*DIRECTIONS*: Your job with the data below is to output exactly the lines from the one holding "((?v @ ?v) @ take" down to the one holding "by (auto simp only: reads_append)", both included, and no others.

(DATA RECORDS begins)

lemma reads_second_vblock_forced:
  assumes "p \<le> length (v (Suc m))" "reads [] (v (Suc m) @ take p (v (Suc m))) Q"
    "reads Q (drop p (v (Suc m)) @ V m) []"
  shows "Q = drop p (v (Suc m))"
proof -
  let ?v = "v (Suc m)"
  obtain Q1 where "reads [] ?v Q1" "reads Q1 (take p ?v) Q"
    using assms(2) by (auto simp: reads_append)
  moreover from this(1) have "Q1 = ?v" by (rule reads_Nil_vblock)
  ultimately have second: "reads ?v (take p ?v) Q" by simp
  then obtain q where q: "q \<le> p" "Q = drop q ?v @ drop q (take p ?v)"
    using reads_own_prefix[OF letters_contiguous_vblock assms(1)] by blast
  obtain Q2 where rest: "reads Q (drop p ?v) Q2" and "reads Q2 (V m) []"
    using assms(3) by (auto simp: reads_append)
  moreover have "reads [] (?v @ ?v) Q2"
  proof -
    have "reads [] ?v ?v" using reads_push_all[of "[]" ?v] by simp
    moreover have "reads ?v ?v Q2"
      using reads_append[of ?v "take p ?v" "drop p ?v" Q2] second rest by auto
    ultimately show ?thesis by (auto simp: reads_append)
  qed
  ultimately have "Q2 = []" by (simp add: reads_vblock_pair_then_Vword)
  with rest have "length Q \<le> length ?v - p" by (auto dest: reads_empty_length)
  \<comment> \<open>the leftover queue must be short enough to be consumed by the rest of the copy\<close>
  with q assms(1) have "q = p" by simp
  with q show ?thesis by simp
qed

lemma Vword_queue_unique:
  assumes "i \<le> length (V m)" "reads [] (take i (V m)) Q" "reads Q (drop i (V m)) []"
  shows "Q = Vword_queue m i"
  using assms
proof (induction m arbitrary: i Q)
  case 0
  then show ?case by (simp add: Vword_0)
next
  case (Suc m)
  let ?v = "v (Suc m)"
  let ?n = "length ?v"
  consider (first) "i \<le> ?n" | (second) p where "p \<le> ?n" "i = ?n + p"
    | (later) p where "i = 2 * ?n + p"
  proof (cases "i \<le> ?n")
    case True
    then show thesis by (rule that(1))
  next
    case False
    show thesis
    proof (cases "i \<le> 2 * ?n")
      case True
      with False show thesis using that(2)[of "i - ?n"] by simp
    next
      case False
      then show thesis using that(3)[of "i - 2 * ?n"] by simp
    qed
  qed
  then show ?case
  proof cases
    case first
    then have "reads [] (take i ?v) Q" using Suc.prems(2) by (simp add: Vword_Suc)
    with first show ?thesis by (simp add: reads_Nil_vblock_prefix)
  next
    case (second p)
    then have "Q = drop p ?v"
      using Suc.prems(2,3) by (intro reads_second_vblock_forced) (simp_all add: Vword_Suc)
    with second show ?thesis by auto
  next
    case (later p)
    then have "reads [] ((?v @ ?v) @ take p (V m)) Q" using Suc.prems(2) by (simp add: Vword_Suc)
    then obtain Q2 where r1: "reads [] (?v @ ?v) Q2" and r2: "reads Q2 (take p (V m)) Q"
      by (auto simp only: reads_append)
    have r3: "reads Q (drop p (V m)) []" using Suc.prems(3) later by (simp add: Vword_Suc)
    with r2 have "reads Q2 (V m) []" using reads_append[of Q2 "take p (V m)" "drop p (V m)"] by auto
    with r1 have "Q2 = []" by (rule reads_vblock_pair_then_Vword)
    moreover have "p \<le> length (V m)" using Suc.prems(1) later by (simp add: length_Vword_Suc)
    ultimately have "Q = Vword_queue m p" using Suc.IH r2 r3 by simp
    with later show ?thesis by (simp add: Vword_queue_0)
  qed
qed
(* Let $q,r,\mu,\nu$ be positive integers. For all $z\in\mathbb{C}$, \[ \mathcal{M}(z)=(I_\mu\otimes U_q(z))\,\mathcal{A}\,(I_\nu\otimes W_r(z)), \] and $\mathcal{M}(z)$ and $\mathcal{A}$ have the same rank, equal to $\min\{\mu,r\}\cdot\min\{\nu,q\}$.
   Context: Matrix indices start at $0$. $u(z)=(1,z,\dots,z^{q-1})^\top$, $w(z)=(1,z,\dots,z^{r-1})$, $M(z)=u(z)w(z)\in\mathbb{C}^{q\times r}$, and $M^{(k)}$ denotes the $k$-th derivative in $z$. $\mathcal{M}(z)\in\mathbb{C}^{\mu q\times\nu r}$ is the block matrix with $(i,j)$ block $M^{(i+j)}(z)$, $i=0,\dots,\mu-1$, $j=0,\dots,\nu-1$. $U_q(z)=(u(z),u'(z),\dots,u^{(q-1)}(z))\in\mathbb{C}^{q\times q}$ and $W_r(z)\in\mathbb{C}^{r\times r}$ is the matrix whose $i$-th row is $w^{(i)}(z)$, $i=0,\dots,r-1$. $\mathcal{A}\in\mathbb{R}^{\mu q\times\nu r}$ is the block matrix with $(i,j)$ block $A^{i+j}$, where $A^k\in\mathbb{R}^{q\times r}$ has entries $A^k_{ab}=\binom{k}{a}$ if $a+b=k$ and $0$ otherwise. *)

theory Defs
  imports "HOL-Analysis.Analysis" "Jordan_Normal_Form.DL_Rank"
begin

definition dmon :: "nat \<Rightarrow> nat \<Rightarrow> complex \<Rightarrow> complex" where
  "dmon k n z = (deriv ^^ k) (\<lambda>w. w ^ n) z"

definition kron :: "'a::times mat \<Rightarrow> 'a mat \<Rightarrow> 'a mat" where
  "kron A B = mat (dim_row A * dim_row B) (dim_col A * dim_col B)
     (\<lambda>(i,j). A $$ (i div dim_row B, j div dim_col B) * B $$ (i mod dim_row B, j mod dim_col B))"

definition hankel_blocks :: "nat \<Rightarrow> nat \<Rightarrow> nat \<Rightarrow> nat \<Rightarrow> (nat \<Rightarrow> 'a mat) \<Rightarrow> 'a mat" where
  "hankel_blocks q r \<mu> \<nu> F = mat (\<mu> * q) (\<nu> * r)
     (\<lambda>(i,j). F (i div q + j div r) $$ (i mod q, j mod r))"

(* M^{(k)}(z), where M(z) = u(z) w(z) has entries z^(a+b) *)
definition Mder :: "nat \<Rightarrow> nat \<Rightarrow> nat \<Rightarrow> complex \<Rightarrow> complex mat" where
  "Mder q r k z = mat q r (\<lambda>(a,b). dmon k (a + b) z)"

definition MM :: "nat \<Rightarrow> nat \<Rightarrow> nat \<Rightarrow> nat \<Rightarrow> complex \<Rightarrow> complex mat" where
  "MM q r \<mu> \<nu> z = hankel_blocks q r \<mu> \<nu> (\<lambda>k. Mder q r k z)"

(* U_q(z) = (u(z), u'(z), ..., u^{(q-1)}(z)) : column j is u^{(j)}(z) *)
definition Uq :: "nat \<Rightarrow> complex \<Rightarrow> complex mat" where
  "Uq q z = mat q q (\<lambda>(a,j). dmon j a z)"

(* W_r(z) : row i is w^{(i)}(z) *)
definition Wr :: "nat \<Rightarrow> complex \<Rightarrow> complex mat" where
  "Wr r z = mat r r (\<lambda>(i,b). dmon i b z)"

definition Ak :: "nat \<Rightarrow> nat \<Rightarrow> nat \<Rightarrow> real mat" where
  "Ak q r k = mat q r (\<lambda>(a,b). if a + b = k then real (k choose a) else 0)"

definition AA :: "nat \<Rightarrow> nat \<Rightarrow> nat \<Rightarrow> nat \<Rightarrow> real mat" where
  "AA q r \<mu> \<nu> = hankel_blocks q r \<mu> \<nu> (Ak q r)"

end

theory Submission
  imports Defs "Jordan_Normal_Form.DL_Rank_Submatrix"
begin

text \<open>Let \<open>D k n z = k! (n choose k) z^(n - k)\<close> be the \<open>k\<close>-th derivative of \<open>w^n\<close> at \<open>z\<close>, so that the
  entry of \<open>\<M>(z)\<close> at position \<open>(a, b)\<close> of block \<open>(i, j)\<close> is \<open>D (i + j) (a + b) z\<close>. The factorization
  is the Leibniz rule \<open>D K (a + b) = \<Sum>c. (K choose c) D c a D (K - c) b\<close>, read blockwise as
  \<open>M^(K) = U_q A^K W_r\<close>.

  For the rank, \<open>\<M>(z)\<close> and \<open>\<A>\<close> (at \<open>z = 0\<close>, rescaled by \<open>1/a!\<close> and \<open>1/b!\<close>) are both diagonal
  rescalings of \<open>(D (i + j) (a + b) z)\<close>. Applying the Leibniz rule twice gives
  \<open>D (i + j) (a + b) = \<Sum>s u. (i choose u) D (s + i - u) a \<cdot> (j choose s) D (u + j - s) b\<close>, where
  only \<open>s < q\<close> and \<open>u < r\<close> contribute because derivatives beyond the degree vanish; this factors
  the matrix through \<open>min \<nu> q \<cdot> min \<mu> r\<close> inner indices. Conversely, on the rows with
  \<open>i < min \<mu> r\<close>, \<open>a < min \<nu> q\<close> and the columns with \<open>j < min \<nu> q\<close>, \<open>b < min \<mu> r\<close>, both factors
  are square and triangular up to a reordering, with pivots \<open>s!\<close> and \<open>u!\<close>, so this minor is
  nonsingular.\<close>

definition monomial_deriv :: "nat \<Rightarrow> nat \<Rightarrow> 'a::comm_semiring_1 \<Rightarrow> 'a" where
  "monomial_deriv k n z = of_nat (fact k * (n choose k)) * z ^ (n - k)"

(DATA RECORDS ends)

*THE COMPLETED TASK*:
    then have "reads [] ((?v @ ?v) @ take p (V m)) Q" using Suc.prems(2) by (simp add: Vword_Suc)
    then obtain Q2 where r1: "reads [] (?v @ ?v) Q2" and r2: "reads Q2 (take p (V m)) Q"
      by (auto simp only: reads_append)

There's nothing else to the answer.